There’s the rigid compliance absolutes such as meeting the National Minimum Wage and ensuring Right to Work, but also best practice methodology that signals process and procedure efficiency in recruitment, employee relations, training & development, performance management and competent document handling for all the above.

As HR functions work different ways according to the organisation they serve and its structure, auditors check every so often that any given organisation is operating optimally as appropriate to their environment.

How, then, can you make your HR function ‘audit-proof’?

HAVE DOCUMENTS ALL PRESENT, CORRECT AND SEARCHABLE

This may seem simplistic, but when vital documents and contracts are missing from the HR system the risk is that situations can crop up requiring evidence that isn’t there.

Contracts of employment, proof of Right to Work in the UK, absence notes, training records, performance records, disciplinary records all need to be stored properly upon creation. Where possible, implementing an automated process for the creation and issuing of HR-related documents is a good way to maintain established best practice.

BEST PRACTICE ONBOARDING

The process of onboarding new employees is complex and requires a fair amount of document exchange. Before ‘Day 1’, electronic portals are helpful as HR can provide the means to gather vital documentation as soon as a job offer is made (pre-onboarding). All the better if the portal is linked to main HR systems for easy document transfer.
An itemised and checklisted onboarding process reduces the risk of crucial basics falling between the cracks (such as employment contracts not being issued or company regulations not being provided) and therefore saves time being spent on potential disputes later.

PROPER TRAINING

Following on from onboarding (which ideally includes a fully documented induction programme), there should also be plenty of evidence available that staff are undergoing all the appropriate training and development they need. Auditors like to see keenly documented staff development over time as well as ‘basic induction’ programmes. The other benefits of proper training is a reduction in unnecessary staff turnover and the reduced likelihood of the organisation facing legal action due to someone making a mistake traceable to poor training.

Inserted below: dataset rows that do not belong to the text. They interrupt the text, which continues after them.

text \<open>\<open>1/q + t/4\<close> is nondecreasing, since \<open>(1/q)' = -q'/q\<^sup>2 \<ge> -1/4\<close>.\<close>
lemma q_local_bound:
  assumes "Y0 \<le> x" "x \<le> s" "s \<le> x + 2 / q x"
  shows "q s \<le> 2 * q x"
proof -
  have "inverse (q x) + x / 4 \<le> inverse (q s) + s / 4"
  proof (rule nonneg_derivative_imp_le[where g = "\<lambda>t. inverse (q t) + t / 4"
      and g' = "\<lambda>t. - q' t / (q t)\<^sup>2 + 1 / 4" and a = x and b = s])
    fix t assume t: "x \<le> t" "t \<le> s"
    then have "1 \<le> q t" using q_ge_1 \<open>Y0 \<le> x\<close> by simp
    have "(q has_real_derivative q' t) (at t within {x..s})"
      by (rule has_field_derivative_subset[OF q_deriv]) (use t \<open>Y0 \<le> x\<close> Y0_nonneg in auto)
    then show "((\<lambda>t. inverse (q t) + t / 4) has_real_derivative - q' t / (q t)\<^sup>2 + 1 / 4)
                 (at t within {x..s})"
      using \<open>1 \<le> q t\<close> by (auto intro!: derivative_eq_intros simp: power2_eq_square field_simps)
    have "q' t \<le> (q t)\<^sup>2 / 4" using q'_small[of t] t \<open>Y0 \<le> x\<close> by simp
    then show "0 \<le> - q' t / (q t)\<^sup>2 + 1 / 4" using \<open>1 \<le> q t\<close> by (simp add: field_simps)
  qed (use assms in simp)
  moreover have "(s - x) / 4 \<le> inverse (q x) / 2"
    using assms(3) by (simp add: field_simps)
  ultimately have "inverse (2 * q x) \<le> inverse (q s)" by simp
  moreover have "0 < 2 * q x" "0 < q s" using q_ge_1[of x] q_ge_1[of s] assms by auto
  ultimately show ?thesis using inverse_le_iff_le by blast
qed

lemma gam_local_bound:
  assumes "Y0 \<le> x" "x \<le> s" "s \<le> x + 2 / q x"
  shows "gam q s \<le> gam q x + 8"
proof -
  have "1 \<le> q x" using q_ge_1 assms by simp
  have "integral {x..s} q \<le> integral {x..s} (\<lambda>t. 2 * q x)"
  proof (rule integral_le)
    show "q integrable_on {x..s}"
      by (rule integrable_continuous_real, rule continuous_on_subset[OF q_cont])
         (use assms Y0_nonneg in auto)
    show "q t \<le> 2 * q x" if "t \<in> {x..s}" for t
      using q_local_bound[of x t] that assms by simp
  qed auto
  also have "\<dots> = (s - x) * (2 * q x)" using assms by simp
  also have "\<dots> \<le> 2 / q x * (2 * q x)"
    using assms \<open>1 \<le> q x\<close> by (intro mult_right_mono) auto
  also have "\<dots> = 4" using \<open>1 \<le> q x\<close> by simp
  finally show ?thesis using gam_diff[OF q_cont, of x s] Y0_nonneg assms by simp
qed

text \<open>On \<open>[y, y + 2/q(y)]\<close> the weight \<open>exp (-\<gamma>)\<close> is at least \<open>exp (-\<gamma>(y) - 8)\<close>.\<close>
lemma H1_integrand_lower:
  "ennreal (2 * exp (-8) * (indicator {Y0..} y * (1 / q y)))
     \<le> ennreal (indicator {0..} y * exp (gam q y)) *
        (\<integral>\<^sup>+ \<xi>. ennreal (indicator {y..} \<xi> * exp (- gam q \<xi>)) \<partial>lborel)"
proof (cases "Y0 \<le> y")
  case True
  define h where "h = 2 / q y"
  have "0 < h" using q_ge_1[OF True] by (simp add: h_def)
  have "ennreal (exp (- (gam q y + 8)) * h)
          = (\<integral>\<^sup>+ \<xi>. ennreal (exp (- (gam q y + 8))) * indicator {y..y+h} \<xi> \<partial>lborel)"
    using \<open>0 < h\<close> by (simp add: nn_integral_cmult_indicator ennreal_mult)
  also have "\<dots> \<le> (\<integral>\<^sup>+ \<xi>. ennreal (indicator {y..} \<xi> * exp (- gam q \<xi>)) \<partial>lborel)"
  proof (rule nn_integral_mono)
    fix \<xi> :: real
    show "ennreal (exp (- (gam q y + 8))) * indicator {y..y+h} \<xi>
            \<le> ennreal (indicator {y..} \<xi> * exp (- gam q \<xi>))"
      using gam_local_bound[OF True, of \<xi>] by (auto simp: h_def indicator_def)
  qed
  finally have "ennreal (exp (gam q y)) * ennreal (exp (- (gam q y + 8)) * h)
      \<le> ennreal (exp (gam q y)) *
        (\<integral>\<^sup>+ \<xi>. ennreal (indicator {y..} \<xi> * exp (- gam q \<xi>)) \<partial>lborel)"
    by (rule mult_left_mono) simp
  moreover have "exp (gam q y) * (exp (- (gam q y + 8)) * h) = 2 * exp (-8) * (1 / q y)"
    by (simp add: h_def exp_add[symmetric] exp_minus[symmetric])
  ultimately show ?thesis
    using True Y0_nonneg \<open>0 < h\<close> by (simp add: ennreal_mult[symmetric])
qed simp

DEMONSTRABLE COUNTER-BIAS MEASURES IN RECRUITING

The process of recruiting carries a risk of conscious or sub-conscious bias, for or against factors that in themselves have no reliable impact on employee success (age, gender, ethnicity). Many organisations are implementing ‘blind’ career profiling (CVs) – for external recruiting at least. This increases the prospect of an objective assessment and simply involves the removal of all identifying information from applications. This procedure can be standardised through HR so that the hiring manager and influencers have only the information they need when looking at applications.

DOCUMENTED PERFORMANCE MONITORING

Individual performance ultimately contributes to organisational performance, and underperformance can be hard to recover if left unaddressed. There is also a degree of company morale at stake here because high-performing colleagues deserve the confidence of knowing that the workplace values and expects the best from everyone. Employee performance issues are best resolved sooner rather than later, using best practice processes. Reviews and important conversations should be documented so that there is clear understanding for all parties at all times.

INTERNAL SPOT-CHECKS

In other words, do your own internal audits every so often. View a small number of employee records taken at random, and inspect them for completeness. See how well documented the employees’ interactions with HR are, and how thorough performance reviews are. If there are gaps in mandatory documentation or training, review more thoroughly and establish if there is a compliance or efficiency problem.